In particular, this is the outlier detection procedure. Off-line the following are performed:
- Train a classifier to predict the class C of a crime given 4 input variables (time of day, longitude, latitude, location description)
- Calculate a windowed running average of the prior proportion of crimes pC for each class C.
Then, to predict, the procedure is performed for each incoming data point:
- Predict the probabilities PC from the classifier.
- Define an outlier score for each incident by calculating (PC - pC) / pC where C is the true class for this incident.
- If an outlier score is very low, that means the data point is an outlier data point.
- Alternatively, if an outlier score is very high, the data point is a "most probable" data point.

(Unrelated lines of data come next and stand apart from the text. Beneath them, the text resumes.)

(* Let $T\in\mathbb{N}$. Consider random regressors $M_t\in\mathbb{R}^{m\times n}$, outputs $y_{t+1}\in\mathbb{R}^m$ and noise $w_t\in\mathbb{R}^m$ with $y_{t+1}=M_t\theta^\star+w_t$ for $t=0,\dots,T-1$, where $\theta^\star\in\mathbb{R}^n$ is deterministic. Let $\mathcal{D}_t=\{M_0,y_1,M_1,\dots,y_t,M_t\}$, $W\succ0$ a symmetric positive definite $m\times m$ matrix, $V_T=\sum_{k=0}^{T-1}M_k^\top W M_k$, and, when $V_T$ is invertible, let $\hat\theta_T = V_T^{-1}\sum_{k=0}^{T-1}M_k^\top W y_{k+1}$ be the (weighted) ordinary least squares estimate. Assume that for a known $c_w>0$ and all $t\in\{0,\dots,T-1\}$, $\mathbb{E}[e^{\nu^\top w_t}\mid\mathcal{D}_t]\le e^{\frac12 c_w^2\nu^\top W^{-1}\nu}$ for all $\nu\in\mathbb{R}^m$. Assume further that $\mathbb{E}[V_T]\succ 0$ and that, for some deterministic $\varepsilon\in(0,1)$ and some $\delta'\in(0,1)$, $$(1-\varepsilon)\mathbb{E}[V_T]\preceq V_T\preceq(1+\varepsilon)\mathbb{E}[V_T]$$ holds with probability at least $1-\delta'$. Then for any $\delta\in(0,1)$, with probability at least $1-(\delta+\delta')$, $$\|\theta^\star-\hat\theta_T\|_{V_T}\le c_w\sqrt{2n\log\left(\frac{2}{1-\varepsilon}\right)+4\log(1/\delta)}.$$
   Context: For a symmetric positive semidefinite $A$, $\|x\|_A=\sqrt{x^\top A x}$. $A\preceq B$ means $B-A$ is positive semidefinite. *)

theory Defs
  imports "HOL-Probability.Probability"
begin

definition psd :: "real^'n^'n \<Rightarrow> bool" where
  "psd A \<longleftrightarrow> transpose A = A \<and> (\<forall>x. 0 \<le> x \<bullet> (A *v x))"

definition pd :: "real^'n^'n \<Rightarrow> bool" where
  "pd A \<longleftrightarrow> transpose A = A \<and> (\<forall>x. x \<noteq> 0 \<longrightarrow> 0 < x \<bullet> (A *v x))"

definition loewner_le :: "real^'n^'n \<Rightarrow> real^'n^'n \<Rightarrow> bool" where
  "loewner_le A B \<longleftrightarrow> psd (B - A)"

definition A_norm :: "real^'n^'n \<Rightarrow> real^'n \<Rightarrow> real" where
  "A_norm A x = sqrt (x \<bullet> (A *v x))"

definition data_sigma ::
  "'a measure \<Rightarrow> (nat \<Rightarrow> 'a \<Rightarrow> real^'n^'m) \<Rightarrow> (nat \<Rightarrow> 'a \<Rightarrow> real^'m) \<Rightarrow> nat \<Rightarrow> 'a measure" where
  "data_sigma M Mx y t = sigma (space M)
     ({Mx k -` A \<inter> space M | k A. k \<le> t \<and> A \<in> sets borel} \<union>
      {y (Suc k) -` B \<inter> space M | k B. k < t \<and> B \<in> sets borel})"

definition gram :: "real^'m^'m \<Rightarrow> (nat \<Rightarrow> 'a \<Rightarrow> real^'n^'m) \<Rightarrow> nat \<Rightarrow> 'a \<Rightarrow> real^'n^'n" where
  "gram W Mx T x = (\<Sum>k<T. transpose (Mx k x) ** W ** Mx k x)"

definition ols :: "real^'m^'m \<Rightarrow> (nat \<Rightarrow> 'a \<Rightarrow> real^'n^'m) \<Rightarrow> (nat \<Rightarrow> 'a \<Rightarrow> real^'m) \<Rightarrow> nat \<Rightarrow> 'a \<Rightarrow> real^'n" where
  "ols W Mx y T x = matrix_inv (gram W Mx T x) *v (\<Sum>k<T. transpose (Mx k x) *v (W *v y (Suc k) x))"

end

theory Submission
  imports Defs
begin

I spent around 4-5 hours on this project. Here are some brief conclusions of the study:
- You can see some HTML pages with sample visualizations of crime locations in results/
- In retrospect, attempting to do the project with on-line learning was difficult given so little available time. Ready-to-use online methods are not as easy-to-use and available as off-line methods. As such, mid-way through the project I switched to using an offline method.
- Top outlier and most-probable data points (see results/) all fit into a few crime types (for instance, Arson tends to be highly represented in the top outliers). This seems to indicate that the normalization in the outlier score is not quite right and uncommon crimes could be leading the outlier table despite attempt at normalization.
- Before switching to off-line random forest, I tried online logistic regression. As we would expect, with so few features it was highly biased.
Obviously, this is a first stab at the problem. Plenty of things can be improved:
- More features can be used
- Mapping of qualitative features to numeric values is slightly inappropriate (location type). Though random forest should handle this better than some other classifiers.
- Visualization (map plotting) presently only plots close-by locations. It would be good to narrow down on similar time.
- A more formalized approach to outlier detection could be used.